This repository contains the DAG code used in the Use Cohere and OpenSearch to analyze customer feedback in an MLOps pipeline use case.

The DAG in this repository uses the following packages:

How to use this repository

This section explains how to run this repository with Airflow. Note that you will need to copy the contents of the .env_example file to a newly created .env file and provide your own value for <your-cohere-api-key>. You can find your Cohere API key in the Cohere dashboard, a free account is sufficient to run this example.

Download the Astro CLI to run Airflow locally in Docker. astro is the only package you will need to install locally.
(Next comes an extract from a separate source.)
(* Let $\mathcal{F}\in\mathbb{C}^{q\times q}$ be the unitary discrete Fourier transform, with real and imaginary parts $\mathcal{F}_R,\mathcal{F}_I$, and let $\mathbf{M}\in\{0,1\}^{p\times q}$ be a masking (subsampling) operator whose rows are distinct rows of the $q\times q$ identity; the single-coil MRI forward operator is $\mathbf{A}=\mathbf{M}\mathcal{F}$. Define the real matrices $$\tilde{\mathbf{M}}=\begin{bmatrix}\mathbf{M}&\mathbf{0}\\\mathbf{0}&\mathbf{M}\end{bmatrix},\quad \tilde{\mathcal{F}}=\begin{bmatrix}\mathcal{F}_R&-\mathcal{F}_I\\\mathcal{F}_I&\mathcal{F}_R\end{bmatrix},\quad \tilde{\mathbf{A}}=\tilde{\mathbf{M}}\tilde{\mathcal{F}}\in\mathbb{R}^{2p\times 2q}.$$ Suppose the network outputs vectors in $\mathbb{R}^{2q}$ (real and imaginary parts stacked) and its neural tangent kernel $\tilde{\mathbf{W}}\in\mathbb{R}^{2q\times 2q}$ has the form $$\tilde{\mathbf{W}}=\tilde{\mathcal{F}}^T\tilde{\boldsymbol{\Lambda}}\tilde{\mathcal{F}},\qquad \tilde{\boldsymbol{\Lambda}}=\begin{bmatrix}\boldsymbol{\Lambda}&\mathbf{0}\\\mathbf{0}&\boldsymbol{\Lambda}\end{bmatrix},$$ with $\boldsymbol{\Lambda}\in\mathbb{R}^{q\times q}$ diagonal with diagonal entries $\lambda_1,\dots,\lambda_q$. Let $\mathbf{x}\in\mathbb{C}^q$ be the ground truth image and $\mathbf{y}=\mathbf{A}\mathbf{x}+\mathbf{n}$ with $\mathbf{n}\in\mathbb{C}^p$ whose real and imaginary parts are independent $\mathcal{N}(\mathbf{0},\tfrac{\sigma^2}{2}\mathbf{I})$. Writing $\tilde{\mathbf{x}},\tilde{\mathbf{y}}$ for the stacked real and imaginary parts of $\mathbf{x},\mathbf{y}$, define the iterates $$\tilde{\mathbf{z}}_{t+1}=\tilde{\mathbf{z}}_t+\eta\,\tilde{\mathbf{W}}\left(\tilde{\mathbf{A}}^T\tilde{\mathbf{y}}-\tilde{\mathbf{A}}^T\tilde{\mathbf{A}}\tilde{\mathbf{z}}_t\right),\qquad\tilde{\mathbf{z}}_0=\mathbf{0}.$$ Then the mean squared error $\mathrm{MSE}_t:=\mathbb{E}_{\mathbf{n}}\|\tilde{\mathbf{z}}_t-\tilde{\mathbf{x}}\|_2^2$ at iteration $t$ is $$\mathrm{MSE}_t=\sum_{i=1}^q\left[(1-\eta\lambda_i m_i)^{2t}\,|(\mathcal{F}\mathbf{x})_i|^2+\sigma^2\left(1-(1-\eta\lambda_i m_i)^t\right)^2\right],$$ where $m_i$ is the $i$th diagonal entry of $\mathbf{M}^T\mathbf{M}$ and $(\mathcal{F}\mathbf{x})_i$ is the $i$th entry of $\mathcal{F}\mathbf{x}$.
   Context: The recursion models gradient-descent training (step size $\eta>0$) of a deep image prior network with real weights and a two-channel (real/imaginary) output, with loss $\|\tilde{\mathbf{A}}f_\theta(\mathbf{z})-\tilde{\mathbf{y}}\|_2^2$, in the regime where the neural tangent kernel $\tilde{\mathbf{W}}$ stays fixed; $\tilde{\mathbf{z}}_t$ is the network output at iteration $t$. Applying $\tilde{\mathbf{A}}$ to a stacked real/imaginary vector is equivalent to applying $\mathbf{A}$ to the corresponding complex vector. *)

theory Defs
  imports "HOL-Probability.Probability"
begin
  1. Run git clone https://github.com/astronomer/airflow-pgvector-tutorial.git on your computer to create a local clone of this repository.
  2. Install the Astro CLI by following the steps in the Astro CLI documentation. Docker Desktop/Docker Engine is a prerequisite, but you don't need in-depth Docker knowledge to run Airflow with the Astro CLI.
  3. Run astro dev start in your cloned repository.
  4. After your Astro project has started. View the Airflow UI at localhost:8080.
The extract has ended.